By RICHARD MILLER (Abacus Books; 1984/86)

I don’t know what kind of drugs Richard Miller was on when he wrote this picaresque novel, surely one of the strangest I’ve ever read, but I want some.

Snail

Let’s see: there’s a Nazi fellow who meets up with the Wandering Jew—yes, the Wandering Jew, who goes by George.  He gives the Nazi a tonic that turns him into a teenage boy, in which form he’s transported through time, anally raped by the Tooth Fairy, seduced by the Greek Goddess Athena, befriended by Kilgore Trout (who’s escaped from the pages of Kurt Vonnegut’s BREAKFAST OF CHAMPIONS) and roped into managing a burger franchise run by George.

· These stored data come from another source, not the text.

(* Assume the setting described in the context and let $T\in(0,\infty)$ and $\Theta\in C([0,T],\mathbb R^{\mathfrak d})$ satisfy for all $t\in[0,T]$ that $\Theta_t=\Theta_0-\int_0^t\mathcal G(\Theta_s)\,ds$. Then for all $t\in[0,T]$ it holds that $\mathcal L_\infty(\Theta_t)=\mathcal L_\infty(\Theta_0)-\int_0^t\|\mathcal G(\Theta_s)\|^2\,ds$.
   Context: Setting. Let $L,\mathfrak d\in\mathbb N=\{1,2,\dots\}$, $(\ell_k)_{k\in\mathbb N_0}\subseteq\mathbb N$, $a\in\mathbb R$, $b\in(a,\infty)$, $\mathscr A\in(0,\infty)$, $\mathscr B\in(\mathscr A,\infty)$ with $\mathfrak d=\sum_{k=1}^L\ell_k(\ell_{k-1}+1)$; let $\mathbf d_k=\sum_{h=1}^k\ell_h(\ell_{h-1}+1)$ for $k\in\mathbb N_0$. For $\theta=(\theta_1,\dots,\theta_{\mathfrak d})\in\mathbb R^{\mathfrak d}$, $k\in\{1,\dots,L\}$, $i\in\{1,\dots,\ell_k\}$, $j\in\{1,\dots,\ell_{k-1}\}$ let $\mathfrak w^{k,\theta}_{i,j}=\theta_{(i-1)\ell_{k-1}+j+\mathbf d_{k-1}}$ and $\mathfrak b^{k,\theta}_i=\theta_{\ell_k\ell_{k-1}+i+\mathbf d_{k-1}}$, let $\mathfrak w^{k,\theta}=(\mathfrak w^{k,\theta}_{i,j})_{i,j}\in\mathbb R^{\ell_k\times\ell_{k-1}}$, $\mathfrak b^{k,\theta}=(\mathfrak b^{k,\theta}_1,\dots,\mathfrak b^{k,\theta}_{\ell_k})\in\mathbb R^{\ell_k}$, and $\mathcal A^\theta_k\colon\mathbb R^{\ell_{k-1}}\to\mathbb R^{\ell_k}$, $\mathcal A^\theta_k(x)=\mathfrak b^{k,\theta}+\mathfrak w^{k,\theta}x$. Let $\mathscr R_\infty(x)=\max\{x,0\}$ and let $\mathscr R_r\colon\mathbb R\to\mathbb R$, $r\in[1,\infty)$, satisfy for all $r\in[1,\infty)$: $\mathscr R_r\in C^1(\mathbb R,\mathbb R)$, $\mathscr R_r(x)=0$ for all $x\le\mathscr A r^{-1}$, $0\le\mathscr R_r(y)\le\max\{y,0\}$ for all $y\in\mathbb R$, $\mathscr R_r(z)=z$ for all $z\ge\mathscr B r^{-1}$; assume $\sup_{r\in[1,\infty)}\sup_{x\in\mathbb R}|(\mathscr R_r)'(x)|<\infty$. $\|\cdot\|$ is the Euclidean norm on each $\mathbb R^n$; for $r\in[1,\infty]$, $\mathfrak M_r(x_1,\dots,x_n)=(\mathscr R_r(x_1),\dots,\mathscr R_r(x_n))$. For $r\in[1,\infty]$, $\theta\in\mathbb R^{\mathfrak d}$ define $\mathcal N^{k,\theta}_r\colon\mathbb R^{\ell_0}\to\mathbb R^{\ell_k}$, $k\in\{1,\dots,L\}$, by $\mathcal N^{1,\theta}_r=\mathcal A^\theta_1$ and $\mathcal N^{k+1,\theta}_r(x)=\mathcal A^\theta_{k+1}(\mathfrak M_{r^{1/k}}(\mathcal N^{k,\theta}_r(x)))$ (with $\infty^{1/k}=\infty$). Let $\mu$ be a measure on the Borel $\sigma$-algebra of $[a,b]^{\ell_0}$ with $\mu([a,b]^{\ell_0})\in\mathbb R$, let $f\colon[a,b]^{\ell_0}\to\mathbb R^{\ell_L}$ be measurable, and for $r\in[1,\infty]$ let $\mathcal L_r\colon\mathbb R^{\mathfrak d}\to\mathbb R$ be given by $\mathcal L_r(\theta)=\int_{[a,b]^{\ell_0}}\|\mathcal N^{L,\theta}_r(x)-f(x)\|^2\,\mu(dx)$ (these integrals are real numbers as part of the setting). Let $\mathcal G\colon\mathbb R^{\mathfrak d}\to\mathbb R^{\mathfrak d}$ satisfy $\mathcal G(\theta)=\lim_{r\to\infty}(\nabla\mathcal L_r)(\theta)$ for every $\theta$ for which $((\nabla\mathcal L_r)(\theta))_{r\in[1,\infty)}$ is convergent as $r\to\infty$. *)

theory Defs
  imports "HOL-Analysis.Analysis"
begin

text \<open>Number of parameters in the first k layers: d_k = sum_{h=1}^k l_h (l_{h-1}+1).\<close>
definition dpar :: "(nat \<Rightarrow> nat) \<Rightarrow> nat \<Rightarrow> nat" where
  "dpar l k = (\<Sum>h=1..k. l h * (l (h - 1) + 1))"

text \<open>The parameter vector theta lives in real^'d; the coordinate theta_n (n in 1..dd)
  is  theta $ idx n  for a fixed bijection idx from {1..dd} onto the finite index type 'd.\<close>
definition weight :: "(nat \<Rightarrow> nat) \<Rightarrow> (nat \<Rightarrow> 'd::finite) \<Rightarrow> nat \<Rightarrow> real^'d \<Rightarrow> nat \<Rightarrow> nat \<Rightarrow> real" where
  "weight l idx k \<theta> i j = \<theta> $ idx ((i - 1) * l (k - 1) + j + dpar l (k - 1))"

definition bias :: "(nat \<Rightarrow> nat) \<Rightarrow> (nat \<Rightarrow> 'd::finite) \<Rightarrow> nat \<Rightarrow> real^'d \<Rightarrow> nat \<Rightarrow> real" where
  "bias l idx k \<theta> i = \<theta> $ idx (l k * l (k - 1) + i + dpar l (k - 1))"

text \<open>Vectors in R^{l_k} are represented as functions nat => real, coordinates 1..l_k.\<close>
definition affine :: "(nat \<Rightarrow> nat) \<Rightarrow> (nat \<Rightarrow> 'd::finite) \<Rightarrow> nat \<Rightarrow> real^'d \<Rightarrow> (nat \<Rightarrow> real) \<Rightarrow> (nat \<Rightarrow> real)" where
  "affine l idx k \<theta> x = (\<lambda>i. bias l idx k \<theta> i + (\<Sum>j=1..l (k - 1). weight l idx k \<theta> i j * x j))"

fun net :: "(nat \<Rightarrow> nat) \<Rightarrow> (nat \<Rightarrow> 'd::finite) \<Rightarrow> (nat \<Rightarrow> real \<Rightarrow> real) \<Rightarrow> real^'d \<Rightarrow> nat
             \<Rightarrow> (nat \<Rightarrow> real) \<Rightarrow> (nat \<Rightarrow> real)" where
  "net l idx act \<theta> 0 x = x"
| "net l idx act \<theta> (Suc 0) x = affine l idx 1 \<theta> x"
| "net l idx act \<theta> (Suc (Suc k)) x =
     affine l idx (Suc (Suc k)) \<theta> (\<lambda>i. act (Suc k) (net l idx act \<theta> (Suc k) x i))"

definition relu :: "real \<Rightarrow> real" where
  "relu x = max x 0"

definition act_r :: "(real \<Rightarrow> real \<Rightarrow> real) \<Rightarrow> real \<Rightarrow> nat \<Rightarrow> real \<Rightarrow> real" where
  "act_r R r k = R (r powr (1 / real k))"

definition risk :: "(nat \<Rightarrow> nat) \<Rightarrow> (nat \<Rightarrow> 'd::finite) \<Rightarrow> nat \<Rightarrow> (nat \<Rightarrow> real \<Rightarrow> real)
      \<Rightarrow> (nat \<Rightarrow> real) measure \<Rightarrow> ((nat \<Rightarrow> real) \<Rightarrow> (nat \<Rightarrow> real)) \<Rightarrow> real^'d \<Rightarrow> real" where
  "risk l idx L act \<mu> f \<theta> =
     (\<integral>x. (\<Sum>i=1..l L. (net l idx act \<theta> L x i - f x i)\<^sup>2) \<partial>\<mu>)"

definition grad :: "('a::real_inner \<Rightarrow> real) \<Rightarrow> 'a \<Rightarrow> 'a" where
  "grad F \<theta> = (SOME g. (F has_derivative (\<lambda>h. g \<bullet> h)) (at \<theta>))"

end

theory Submission
  imports Defs
begin

(* For finite r the risk L_r is continuously differentiable: the network with the smoothed
   activations R_(r^(1/k)) is C^1 in the parameters, and on bounded parameter sets the loss and its
   gradient are dominated by an integrable function because the inputs lie in [a,b]^(l_0).  The
   chain rule along the curve Theta, which is only an indefinite integral, gives
     L_r(Theta_t) = L_r(Theta_0) - int_0^t grad L_r(Theta_s) . G(Theta_s) ds.
   As r -> infinity the realisations converge to the ReLU realisation, and grad L_r converges
   pointwise to the gradient computed with the derivative 1_(0,infinity) of ReLU, which is G by
   hypothesis; the smoothed derivatives converge even at the kink because layer k converges at rate
   o(r^(-1/k)).  Dominated convergence in both integrals yields the claim. *)

section \<open>Differentiation under the integral sign and along integral curves\<close>

lemma abs_diff_le_if_gradient_bounded:
  fixes h :: "'v::euclidean_space \<Rightarrow> real"
  assumes "convex S"
    and deriv: "\<And>y. y \<in> S \<Longrightarrow> (h has_derivative (\<lambda>v. D y \<bullet> v)) (at y within S)"
    and bounded: "\<And>y. y \<in> S \<Longrightarrow> norm (D y) \<le> B"
    and "x \<in> S" "z \<in> S"
  shows "\<bar>h z - h x\<bar> \<le> B * norm (z - x)"
proof -
  have "onorm (\<lambda>v. D y \<bullet> v) \<le> B" if "y \<in> S" for y
  proof (rule onorm_le)
    fix v
    have "norm (D y \<bullet> v) \<le> norm (D y) * norm v" by (simp add: Cauchy_Schwarz_ineq2)
    also have "\<dots> \<le> B * norm v" using bounded[OF that] by (simp add: mult_right_mono)
    finally show "norm (D y \<bullet> v) \<le> B * norm v" .
  qed
  then show ?thesis
    using differentiable_bound[where B=B, OF \<open>convex S\<close> deriv _ \<open>z \<in> S\<close> \<open>x \<in> S\<close>] by simp
qed

lemma has_derivative_integral_dominated:
  fixes h :: "'v::euclidean_space \<Rightarrow> 'a \<Rightarrow> real" and D :: "'v \<Rightarrow> 'a \<Rightarrow> 'v"
  assumes int_h: "\<And>\<theta>. integrable M (h \<theta>)"
    and int_D: "integrable M (D \<theta>0)"
    and deriv: "\<And>\<theta> x. x \<in> space M \<Longrightarrow> ((\<lambda>\<theta>. h \<theta> x) has_derivative (\<lambda>v. D \<theta> x \<bullet> v)) (at \<theta>)"
    and int_w: "integrable M w"
    and dominated: "\<And>\<theta> x. norm (\<theta> - \<theta>0) \<le> 1 \<Longrightarrow> x \<in> space M \<Longrightarrow> norm (D \<theta> x) \<le> w x"
  shows "((\<lambda>\<theta>. \<integral>x. h \<theta> x \<partial>M) has_derivative (\<lambda>v. (\<integral>x. D \<theta>0 x \<partial>M) \<bullet> v)) (at \<theta>0)"
proof -
  let ?F = "\<lambda>\<theta>. \<integral>x. h \<theta> x \<partial>M"
  define q where "q y x = (h y x - h \<theta>0 x - D \<theta>0 x \<bullet> (y - \<theta>0)) /\<^sub>R norm (y - \<theta>0)" for y x
  have q_bound: "norm (q y x) \<le> 2 * w x" if y: "norm (y - \<theta>0) \<le> 1" and x: "x \<in> space M" for y x
  proof -
    have "\<bar>h y x - h \<theta>0 x\<bar> \<le> w x * norm (y - \<theta>0)"
    proof (rule abs_diff_le_if_gradient_bounded[where S="cball \<theta>0 1" and D="\<lambda>\<theta>. D \<theta> x"])
      show "((\<lambda>\<theta>. h \<theta> x) has_derivative (\<lambda>v. D z x \<bullet> v)) (at z within cball \<theta>0 1)" for z
        using deriv[OF x] by (rule has_derivative_at_withinI)
      show "norm (D z x) \<le> w x" if "z \<in> cball \<theta>0 1" for z
        using dominated[OF _ x, of z] that by (simp add: dist_norm norm_minus_commute)
      show "y \<in> cball \<theta>0 1" using y by (simp add: dist_norm norm_minus_commute)
    qed simp_all
    moreover have "\<bar>D \<theta>0 x \<bullet> (y - \<theta>0)\<bar> \<le> norm (D \<theta>0 x) * norm (y - \<theta>0)"
      by (rule Cauchy_Schwarz_ineq2)
    moreover have "norm (D \<theta>0 x) \<le> w x" using dominated[OF _ x, of \<theta>0] by simp
    then have "norm (D \<theta>0 x) * norm (y - \<theta>0) \<le> w x * norm (y - \<theta>0)" by (simp add: mult_right_mono)
    ultimately have "\<bar>h y x - h \<theta>0 x - D \<theta>0 x \<bullet> (y - \<theta>0)\<bar> \<le> 2 * w x * norm (y - \<theta>0)" by linarith
    moreover have "0 \<le> w x" using \<open>norm (D \<theta>0 x) \<le> w x\<close> norm_ge_zero[of "D \<theta>0 x"] by linarith
    ultimately show ?thesis unfolding q_def by (cases "y = \<theta>0") (simp_all add: divide_simps)
  qed
  have "((\<lambda>y. \<integral>x. q y x \<partial>M) \<longlongrightarrow> 0) (at \<theta>0)"
    unfolding tendsto_at_iff_sequentially
  proof (intro allI impI)
    fix X :: "nat \<Rightarrow> 'v" assume X: "\<forall>i. X i \<in> UNIV - {\<theta>0}" "X \<longlonglongrightarrow> \<theta>0"
    from X(2) obtain N where N: "\<And>n. n \<ge> N \<Longrightarrow> norm (X n - \<theta>0) \<le> 1"
      by (metis LIMSEQ_iff_nz dist_norm less_imp_le zero_less_one)
    have "(\<lambda>n. \<integral>x. q (X (n + N)) x \<partial>M) \<longlonglongrightarrow> (\<integral>x. 0 \<partial>M)"
    proof (rule integral_dominated_convergence[where w="\<lambda>x. 2 * w x"])
      show "q (X (n + N)) \<in> borel_measurable M" for n
        unfolding q_def using int_h int_D by measurable
      show "AE x in M. (\<lambda>n. q (X (n + N)) x) \<longlonglongrightarrow> 0"
      proof (rule AE_I2)
        fix x assume "x \<in> space M"
        then have "((\<lambda>y. q y x) \<longlongrightarrow> 0) (at \<theta>0)"
          using deriv unfolding has_derivative_at_within q_def by simp
        then show "(\<lambda>n. q (X (n + N)) x) \<longlonglongrightarrow> 0"
          using X by (auto simp: tendsto_at_iff_sequentially o_def intro: LIMSEQ_ignore_initial_segment)
      qed
      show "AE x in M. norm (q (X (n + N)) x) \<le> 2 * w x" for n
        using N q_bound by (auto intro: AE_I2)
    qed (use int_w in simp_all)
    then show "((\<lambda>y. \<integral>x. q y x \<partial>M) \<circ> X) \<longlonglongrightarrow> 0" by (simp add: LIMSEQ_offset o_def)
  qed
  moreover have "(\<integral>x. q y x \<partial>M) = (?F y - ?F \<theta>0 - (\<integral>x. D \<theta>0 x \<partial>M) \<bullet> (y - \<theta>0)) /\<^sub>R norm (y - \<theta>0)" for y
    unfolding q_def using int_h int_D
    by (simp add: integral_diff integral_inner_left integral_divide_zero divide_inverse_commute)
  ultimately show ?thesis
    unfolding has_derivative_at_within by (simp add: bounded_linear_inner_right)
qed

The action ranges from Timbuktu in the early 1960s, where killer butterflies plague the land, to New Orleans in the 70s, where a bestiality porno rag is all the rage, to San Francisco in the 80s, where our hero becomes a sexy woman, in which form he’s ravished by his former (male) vessel.  He also gets turned into a snail and chats with Jehovah, a.k.a. God.

Confused?  Me too, and neither was I too enamored by prose that often grows quite preachy and didactic (if the author’s intent was to lecture the reader, I’m not too sure this was the ideal form in which to do it).  Yet I can’t deny the feverish imagination on display, or the entertainment value; in a departure from most picaresque fiction, SNAIL is eminently readable, even for the unhip.

Snail Cover Art illustrated by Clive Barker

Cover Art illustrated by Clive Barker

This novel remains best known for the fact that its UK edition features cover art by the one and only Clive Barker, who’s not generally known for illustrating books by other authors (further Barker cover commissions include A NASTY PIECE OF WORK by Graham Bendel and A LIFE IN THE CINEMA by Mick Garris).  Richard Miller, of course, isn’t just any author; his other novels include SQUED (1989), a bleakly comedic take on the afterworld, SOWBOY (1991), a dystopian goof centered on pigs, and MOSCA (1997), about a government created artificial fly determined to exterminate the human race.  SNAIL is the best of the lot in my view, and a rare jewel in the category of category-free fiction.